# Constrictor knots



## Bob Fionda

I really want to thank Smitty for his tutorial (You tube) about the constrictor knot. He helped me to tie well the band to the pouch. I personally find this method very effective. Thanks a lot Smitty! Bob.


----------



## e~shot

Check these links too

http://slingshotforum.com/topic/1380-constrictor-knot/page__hl__%2Bconstrictor+%2Bknot__fromsearch__1

*How to remove it *

http://slingshotforum.com/topic/7244-how-to-revomve-constrictor-knot/page__hl__%2Bconstrictor+%2Bknot__fromsearch__1


----------



## Bob Fionda

e~shot said:


> Check these links too
> 
> http://slingshotforu...__fromsearch__1
> 
> *How to remove it *
> 
> http://slingshotforu...__fromsearch__1


Thanks Irfan!


----------



## danielh

i just loop my through 3 times, this seems to lock it down fine with dacron b50 waxed. Does this constrictor knot cut less into the bands?


----------



## mckee

i like to use the constrictor knot too


----------



## justplainduke

Is the constrictor better than wraping in the thin theraband?


----------



## Northerner

justplainduke said:


> Is the constrictor better than wraping in the thin theraband?


I used the constrictor knot with cotton string for a while but I now use #32 elastics at the pouch end. Darrell (dgui) has a good video to show the simplicity in tying the bands. No slippage and no cutting from the rubber bands.
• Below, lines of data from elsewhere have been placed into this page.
theorem lemmaE1:
  fixes a :: "real \<Rightarrow> real" and s :: nat and \<delta> :: real
  assumes nonneg: "\<And>x. 0 \<le> x \<Longrightarrow> 0 \<le> a x"
    and mono: "mono_on {0..} a"
    and s_pos: "1 \<le> s"
    and delta: "0 < \<delta>" "\<delta> < 1/2"
  shows
    "(\<forall>n::nat. 1 \<le> n \<longrightarrow>
        ereal (real (n + 1)) < ereal (sqrt (real s)) * gen_inv a (real s powr \<delta> / 2) \<longrightarrow>
        (let S = (\<Sum>k=0..n. ln (1 + a (real (k + 1) / sqrt (real s)) / sqrt (real s)));
             I = sqrt (real s) * integral {0..real (n + 1) / sqrt (real s)}
                   (\<lambda>x. ln (1 + a x / sqrt (real s)))
         in 0 \<le> S - I \<and> S - I \<le> (1/2) * real s powr (\<delta> - 1/2)))
    \<and>
    (\<not> (\<forall>x\<ge>0. a x = 0) \<longrightarrow>
       (let A = (\<lambda>x. integral {0..x} (\<lambda>u. (a u)\<^sup>2));
            x0 = Sup ({x. 0 \<le> x \<and> a x = 0} \<union> {0})
        in continuous_on {0..} A \<and> A x0 = 0 \<and> strict_mono_on {x0..} A
           \<and> filterlim A at_top at_top))
    \<and>
    (\<forall>n::nat. 1 \<le> n \<longrightarrow>
        ereal (real (n + 1)) < ereal (sqrt (real s)) *
           gen_inv (\<lambda>x. integral {0..x} (\<lambda>u. (a u)\<^sup>2)) (real s powr (1/2 - \<delta>)) \<longrightarrow>
        (let t = real (n + 1) / sqrt (real s);
             D = integral {0..t} a
                 - sqrt (real s) * integral {0..t} (\<lambda>x. ln (1 + a x / sqrt (real s)))
         in 0 \<le> D \<and> D \<le> (1/2) * real s powr (- \<delta>)))"
proof -
  define c where "c = sqrt (real s)"
  have c: "0 < c" and s: "0 < real s"
    using s_pos by (simp_all add: c_def)
  have c_powr: "c = real s powr (1/2)"
    using s by (simp add: c_def powr_half_sqrt)
  have bound1: "real s powr \<delta> / 2 / c = (1/2) * real s powr (\<delta> - 1/2)"
    using s by (simp add: c_powr powr_diff)
  have bound3: "real s powr (1/2 - \<delta>) / (2 * c) = (1/2) * real s powr (- \<delta>)"
    using s by (simp add: c_powr powr_diff powr_minus_divide)
  have sq: "mono_on {0..} (\<lambda>u. (a u)\<^sup>2)" "\<And>x. 0 \<le> x \<Longrightarrow> 0 \<le> (a x)\<^sup>2"
    using mono_on_comp_nonneg[OF mono nonneg mono_on_power2] by simp_all
  have zeros: "{x. 0 \<le> x \<and> (a x)\<^sup>2 = 0} = {x. 0 \<le> x \<and> a x = 0}"
    and nonzero: "(\<forall>x\<ge>0. (a x)\<^sup>2 = 0) \<longleftrightarrow> (\<forall>x\<ge>0. a x = 0)"
    by simp_all
  show ?thesis
    unfolding Let_def c_def[symmetric] bound1[symmetric] bound3[symmetric]
    by (intro conjI allI impI)
      (rule ln_Riemann_sum_error(1) ln_Riemann_sum_error_gen_inv
         integral_minus_scaled_ln_integral(1) integral_minus_scaled_ln_integral_gen_inv
         indefinite_integral_properties[OF sq, unfolded zeros nonzero] nonneg mono c
       | assumption)+
qed

end
(* Let $n\geq 4$. If $\mathcal{C}\subseteq S_n$ is a code with minimum Kendall's $\tau$-distance $4$ (i.e., $d_K(\sigma,\pi)\geq 4$ for all distinct $\sigma,\pi\in\mathcal{C}$), then $|\mathcal{C}|\leq \frac{n!}{2(n-1)}$.
   Context: $S_n$ denotes the set of all permutations of $[n]=\{1,\dots,n\}$, written $\sigma=[\sigma(1),\dots,\sigma(n)]$. An adjacent transposition applied to $\sigma$ exchanges the entries in positions $i$ and $i+1$ for some $1\leq i\leq n-1$. The Kendall's $\tau$-distance $d_K(\sigma,\pi)$ is the minimum number of adjacent transpositions needed to transform $\sigma$ into $\pi$. *)

theory Defs
  imports Main "HOL-Combinatorics.Multiset_Permutations"
begin

text \<open>Permutations of [n] are written in one-line notation as lists
  [sigma(1),...,sigma(n)]; S_n is permutations_of_set {1..n}.\<close>

definition adj_swap :: "nat \<Rightarrow> 'a list \<Rightarrow> 'a list" where
  "adj_swap i xs = xs[i := xs ! Suc i, Suc i := xs ! i]"

inductive adj_reach :: "nat \<Rightarrow> 'a list \<Rightarrow> 'a list \<Rightarrow> bool" where
  refl: "adj_reach 0 xs xs"
| step: "Suc i < length xs \<Longrightarrow> adj_reach k (adj_swap i xs) ys \<Longrightarrow> adj_reach (Suc k) xs ys"

definition kendall_dist :: "'a list \<Rightarrow> 'a list \<Rightarrow> nat" where
  "kendall_dist xs ys = (LEAST k. adj_reach k xs ys)"

end

theory Submission
  imports Defs "HOL-Combinatorics.Permutations"
begin

text \<open>Double counting. To each codeword s attach the pairs (t, j) with j < n - 1 such that t or
  its j-th adjacent swap is a neighbour of s. There are 2(n-1)^2 of them, since a neighbour of s is
  never two swaps away from another neighbour (parity). If two codewords shared such a pair, they
  would be at distance at most 3. Hence |C| 2(n-1)^2 \<le> n! (n-1).\<close>

lemma length_adj_swap [simp]: "length (adj_swap i xs) = length xs"
  by (simp add: adj_swap_def)

lemma nth_adj_swap:
  assumes "Suc i < length xs" "k < length xs"
  shows "adj_swap i xs ! k = xs ! transpose i (Suc i) k"
  using assms by (auto simp: adj_swap_def nth_list_update transpose_def)

lemma transpose_Suc_less:
  assumes "Suc i < n" "k < n" shows "transpose i (Suc i) k < n"
  using assms by (auto simp: transpose_def)

lemma adj_swap_adj_swap [simp]:
  assumes "Suc i < length xs"
  shows "adj_swap i (adj_swap i xs) = xs"
  using assms transpose_Suc_less[OF assms]
  by (intro nth_equalityI) (simp_all add: nth_adj_swap)

lemma adj_swap_inj:
  assumes "distinct xs" "Suc i < length xs" "Suc i' < length xs"
    and "adj_swap i xs = adj_swap i' xs"
  shows "i = i'"
proof -
  have "xs ! transpose i (Suc i) i = xs ! transpose i' (Suc i') i"
    using assms nth_adj_swap by (metis Suc_lessD)
  then have "Suc i = transpose i' (Suc i') i"
    using assms transpose_Suc_less by (simp add: nth_eq_iff_index_eq)
  then show ?thesis by (auto simp: transpose_def split: if_splits)
qed

text \<open>One swap never equals two swaps: the index permutations differ in sign.\<close>

lemma adj_swap_neq_adj_swap_adj_swap:
  assumes d: "distinct xs" and a: "Suc i < length xs" "Suc i' < length xs" "Suc j < length xs"
  shows "adj_swap i xs \<noteq> adj_swap j (adj_swap i' xs)"
proof
  assume eq: "adj_swap i xs = adj_swap j (adj_swap i' xs)"
  have "transpose i (Suc i) = transpose i' (Suc i') \<circ> transpose j (Suc j)"
  proof
    fix k
    show "transpose i (Suc i) k = (transpose i' (Suc i') \<circ> transpose j (Suc j)) k"
    proof (cases "k < length xs")
      case True
      have jk: "transpose j (Suc j) k < length xs" using transpose_Suc_less a True by blast
      have "xs ! transpose i (Suc i) k = adj_swap j (adj_swap i' xs) ! k"
        using eq nth_adj_swap a True by metis
      also have "\<dots> = xs ! transpose i' (Suc i') (transpose j (Suc j) k)"
        using a True jk by (simp add: nth_adj_swap)
      finally show ?thesis
        using d a True jk transpose_Suc_less by (simp add: nth_eq_iff_index_eq)
    next
      case False
      then show ?thesis using a by (auto simp: transpose_def)
    qed
  qed
  then have "sign (transpose i (Suc i)) = sign (transpose i' (Suc i') \<circ> transpose j (Suc j))"
    by simp
  then show False by (simp add: sign_compose permutation_swap_id sign_swap_id)
qed

lemma adj_reach_trans:
  "adj_reach k xs ys \<Longrightarrow> adj_reach l ys zs \<Longrightarrow> adj_reach (k + l) xs zs"
  by (induction rule: adj_reach.induct) (auto intro: adj_reach.step)

lemma adj_reach_one_iff:
  "adj_reach (Suc 0) xs ys \<longleftrightarrow> (\<exists>i. Suc i < length xs \<and> ys = adj_swap i xs)"
  by (auto elim!: adj_reach.cases intro: adj_reach.intros)

lemma adj_reach_sym: "adj_reach k xs ys \<Longrightarrow> adj_reach k ys xs"
proof (induction rule: adj_reach.induct)
  case (refl xs)
  then show ?case by (rule adj_reach.refl)
next
  case (step i xs k ys)
  have "adj_reach 1 (adj_swap i xs) xs"
    using step.hyps(1) by (simp add: adj_reach_one_iff) (metis adj_swap_adj_swap)
  from adj_reach_trans[OF step.IH this] show ?case by simp
qed

lemma adj_reach_permutations_of_set:
  "adj_reach k xs ys \<Longrightarrow> xs \<in> permutations_of_set A \<Longrightarrow> ys \<in> permutations_of_set A"
  by (induction rule: adj_reach.induct) (auto simp: permutations_of_set_def adj_swap_def)

lemma kendall_dist_le: "adj_reach k xs ys \<Longrightarrow> kendall_dist xs ys \<le> k"
  unfolding kendall_dist_def by (rule Least_le)

definition adj_neighbours :: "'a list \<Rightarrow> 'a list set" where
  "adj_neighbours xs = {ys. adj_reach 1 xs ys}"

lemma adj_neighbours_eq: "adj_neighbours xs = (\<lambda>i. adj_swap i xs) ` {..<length xs - 1}"
  by (auto simp: adj_neighbours_def adj_reach_one_iff Suc_less_eq2 less_diff_conv)

lemma card_adj_neighbours:
  assumes "distinct xs" shows "card (adj_neighbours xs) = length xs - 1"
  unfolding adj_neighbours_eq
  by (subst card_image) (auto intro!: inj_onI intro: adj_swap_inj[OF assms])

definition swap_cover :: "'a list \<Rightarrow> ('a list \<times> nat) set" where
  "swap_cover xs =
    (\<Union>j<length xs - 1. (adj_neighbours xs \<union> adj_swap j ` adj_neighbours xs) \<times> {j})"

lemma card_swap_cover:
  assumes "distinct xs" shows "card (swap_cover xs) = 2 * (length xs - 1)^2"
proof -
  let ?m = "length xs - 1" and ?N = "adj_neighbours xs"
  have len: "length ys = length xs" if "ys \<in> ?N" for ys
    using that by (auto simp: adj_neighbours_eq)
  have fin: "finite ?N" by (simp add: adj_neighbours_eq)
  have slice: "card (?N \<union> adj_swap j ` ?N) = 2 * ?m" if j: "j < ?m" for j
  proof -
    have "inj_on (adj_swap j) ?N"
      by (rule inj_on_inverseI[of _ "adj_swap j"]) (use j len in auto)
    moreover have "?N \<inter> adj_swap j ` ?N = {}"
      using adj_swap_neq_adj_swap_adj_swap[OF assms] j
      by (auto simp: adj_neighbours_eq less_diff_conv)
    ultimately show ?thesis
      by (simp add: card_Un_disjoint card_image card_adj_neighbours[OF assms] fin)
  qed
  have "card (swap_cover xs) = (\<Sum>j<?m. card ((?N \<union> adj_swap j ` ?N) \<times> {j}))"
    unfolding swap_cover_def
    by (rule card_UN_disjoint) (auto simp: adj_neighbours_eq)
  also have "\<dots> = (\<Sum>j<?m. 2 * ?m)"
    by (rule sum.cong) (simp_all add: card_cartesian_product slice)
  finally show ?thesis by (simp add: power2_eq_square)
qed

lemma swap_cover_subset:
  assumes "xs \<in> permutations_of_set A"
  shows "swap_cover xs \<subseteq> permutations_of_set A \<times> {..<length xs - 1}"
proof -
  have "ys \<in> permutations_of_set A" if "ys \<in> adj_neighbours xs" for ys
    using that assms adj_reach_permutations_of_set by (auto simp: adj_neighbours_def)
  moreover have "length ys = length xs" if "ys \<in> adj_neighbours xs" for ys
    using that by (auto simp: adj_neighbours_eq)
  ultimately show ?thesis
    unfolding swap_cover_def by (auto simp: permutations_of_set_def adj_swap_def)
qed

lemma swap_cover_memE:
  assumes "(t, j) \<in> swap_cover xs"
  obtains u where "adj_reach 1 xs u" "u = t \<or> Suc j < length t \<and> u = adj_swap j t"
proof -
  from assms obtain u where u: "u \<in> adj_neighbours xs" "u = t \<or> t = adj_swap j u"
    and j: "j < length xs - 1"
    by (auto simp: swap_cover_def)
  have "Suc j < length u" using u(1) j by (auto simp: adj_neighbours_eq)
  then have "u = t \<or> Suc j < length t \<and> u = adj_swap j t"
    using u(2) by auto
  with u(1) that show ?thesis by (auto simp: adj_neighbours_def)
qed

lemma kendall_dist_le_3_if_swap_covers_meet:
  assumes "swap_cover xs \<inter> swap_cover ys \<noteq> {}"
  shows "kendall_dist xs ys \<le> 3"
proof -
  obtain t j where "(t, j) \<in> swap_cover xs" "(t, j) \<in> swap_cover ys"
    using assms by auto
  then obtain u v where u: "adj_reach 1 xs u" "u = t \<or> Suc j < length t \<and> u = adj_swap j t"
    and v: "adj_reach 1 ys v" "v = t \<or> Suc j < length t \<and> v = adj_swap j t"
    by (auto elim!: swap_cover_memE)
  have swap_t: "adj_reach 1 t (adj_swap j t)" if "Suc j < length t"
    using that by (simp add: adj_reach_one_iff) blast
  have "u = v \<or> adj_reach 1 u v"
    using u(2) v(2) swap_t adj_reach_sym by blast
  then obtain k where "k \<le> 1" "adj_reach k u v"
    using adj_reach.refl by blast
  then have "adj_reach (1 + k + 1) xs ys"
    using adj_reach_trans[OF adj_reach_trans[OF u(1)] adj_reach_sym[OF v(1)]] by blast
  with \<open>k \<le> 1\<close> show ?thesis
    using kendall_dist_le by fastforce
qed

theorem kendall_code_card_bound:
  assumes A: "finite A" "card A \<ge> 2"
    and C: "C \<subseteq> permutations_of_set A"
    and dist: "\<forall>\<sigma>\<in>C. \<forall>\<pi>\<in>C. \<sigma> \<noteq> \<pi> \<longrightarrow> kendall_dist \<sigma> \<pi> \<ge> 4"
  shows "card C * (2 * (card A - 1)) \<le> fact (card A)"
proof -
  let ?S = "permutations_of_set A" and ?m = "card A - 1"
  have len: "length xs = card A" if "xs \<in> C" for xs
    using that C A(1) length_finite_permutations_of_set by blast
  have cover_subset: "swap_cover xs \<subseteq> ?S \<times> {..<?m}" if "xs \<in> C" for xs
    using swap_cover_subset[of xs A] that C len by auto
  have fin_S: "finite (?S \<times> {..<?m})"
    using A(1) by simp
  have disj: "swap_cover xs \<inter> swap_cover ys = {}" if "xs \<in> C" "ys \<in> C" "xs \<noteq> ys" for xs ys
  proof (rule ccontr)
    assume "swap_cover xs \<inter> swap_cover ys \<noteq> {}"
    then have "kendall_dist xs ys \<le> 3" by (rule kendall_dist_le_3_if_swap_covers_meet)
    moreover have "kendall_dist xs ys \<ge> 4" using dist that by blast
    ultimately show False by simp
  qed
  have "card C * (2 * ?m^2) = (\<Sum>xs\<in>C. card (swap_cover xs))"
  proof -
    have "card (swap_cover xs) = 2 * ?m^2" if "xs \<in> C" for xs
      using card_swap_cover[OF permutations_of_setD(2)[OF subsetD[OF C that]]] len[OF that]
      by simp
    then show ?thesis by simp
  qed
  also have "\<dots> = card (\<Union>xs\<in>C. swap_cover xs)"
    using A(1) C finite_subset[OF cover_subset fin_S] disj
    by (intro card_UN_disjoint[symmetric]) (auto intro: finite_subset)
  also have "\<dots> \<le> card (?S \<times> {..<?m})"
    using cover_subset fin_S by (intro card_mono) auto
  also have "\<dots> = fact (card A) * ?m"
    using A(1) by (simp add: card_cartesian_product card_permutations_of_set)
  finally have "(card C * (2 * ?m)) * ?m \<le> fact (card A) * ?m"
    by (simp add: power2_eq_square mult.assoc)
  then show ?thesis using A(2) by simp
qed

theorem corollary2:
  fixes n :: nat and C :: "nat list set"
  assumes "n \<ge> 4"
    and "C \<subseteq> permutations_of_set {1..n}"
    and "\<forall>\<sigma>\<in>C. \<forall>\<pi>\<in>C. \<sigma> \<noteq> \<pi> \<longrightarrow> kendall_dist \<sigma> \<pi> \<ge> 4"
  shows "real (card C) \<le> fact n / (2 * (real n - 1))"
proof -
  have "card C * (2 * (n - 1)) \<le> fact n"
    using kendall_code_card_bound[of "{1..n}" C] assms by simp
  then have "real (card C * (2 * (n - 1))) \<le> real (fact n)"
    by (rule of_nat_mono)
  then have "real (card C) * (2 * (real n - 1)) \<le> fact n"
    using assms(1) by (simp add: of_nat_diff)
  then show ?thesis using assms(1) by (simp add: pos_le_divide_eq)
qed

end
At the forks I use #64 elastics and tuck under rather than tie.

Cheers,
Northerner


----------



## justplainduke

Thank you, I have been using thin scraps of tbg and I also use the tucking method on both the band and pouch end. I was wondering if cotton constrictor knot was a better option on the pouch end.


----------



## Northerner

justplainduke said:


> Thank you, I have been using thin scraps of tbg and I also use the tucking method on both the band and pouch end. I was wondering if cotton constrictor knot was a better option on the pouch end.


Both the cotton and the elastic work fine at the pouch end but I find I get less band cutting problems with the elastic. Rubber is friendly to rubber








If you find that both options provide a good hold with no band damage then either will work to hold things in place.

At the beginning of summer I bought a small bag of #32 and one of #64 elastics. They are very cheap and they work great. Don't forget to spit on the band when tying the knot (dgui trick).

Cheers,
Northerner


----------



## Hit and run

Constrictor knot vs. wrapping with elastics:

- If I wrap with elastics then the band rotates in regard to the pouch (which I don't want), this wont happen with the constrictor knot.
- The knot takes up less space and has less mass. It's also faster to tie, at least for me.
I tie with waxed string and haven't had any tear because of tying. (actually, the wrapped elastics started to tear trough the band in one instance... )

The above is why I stay with knotting waxed string.


----------



## justplainduke

Thank you!


----------



## flippinout

I like unwaxed cotton butcher's twine. I only lightly pre-stress the bands and think it lasts longer than TBG and is a whole lot quicker IMO.


----------



## justplainduke

I just cut and tied a set of double TBG tapered 25-20 250mm long before tying. I used the constrictor knot at the pouch and yes it is easier and tidy. I was out shooting in my indoor shop range and had no problems at all...that is one cool little knot!
The constrictor hold up better than I thought considering the tension and the amount of rounds that I put down range today. Tonight I may have to take it out Gnome hunting! Jk jk, no vandalism by me


----------



## Northerner

Here are a few of dgui's videos on tying pouches and forks. I still have pouches tied with cotton string but I like elastics too. Both methods work fine. Try 'em both and see which you prefer.

http://www.youtube.c...h/2/JJQTz3GdObU

http://www.youtube.c...141/G0CVU30WlRI

http://www.youtube.c...141/G0CVU30WlRI

Cheers,
Northerner


----------



## bj000

i am new to the constrictor knot at the pouch end.. I am reading up a lot on it and watching the videos and I will make up some bands tonight or tomorrow. I got two kinds of cotton twine. a thinner and thicker variety. I will partially pre-stretch the bands as per flippinouts post. I have been shooting his traveling slingshot and it has unwaxed cotton ties. I actually think the aesthetics are way nicer with the twine , over using TBG strips. Its the contrast, I think. 
anyways, thanks for all the info, guys.


----------



## cheese

im having trouble tying a double constrictor knot to attach my bands.ive tried tutorials but i just cant figure it out,can someone explain it to me slowly and simply?


----------



## Hrawk

Cheese, I merged your post with the existing constrictor knot thread.


----------



## Hrawk

http://www.animatedknots.com/constrictor/index.php?Categ=scouting&LogoImage=LogoGrog.jpg&Website=www.animatedknots.com


----------



## Hrawk

Personally, I used to use the constrictor knot, but these days prefer to wrap with rubber. For me, I get much better band life wrapping with rubber than using a knot.


----------



## bullseyeben!

Wrap n tuck is the go! Tb blue in my oppinion does the job best on tb gold bands..


----------



## Dayhiker

I use cotton twine from Home Depot, untreated. I find it much easier than tying with rubber bands and I get very good band life, at least as good as wrapping with rubber.


----------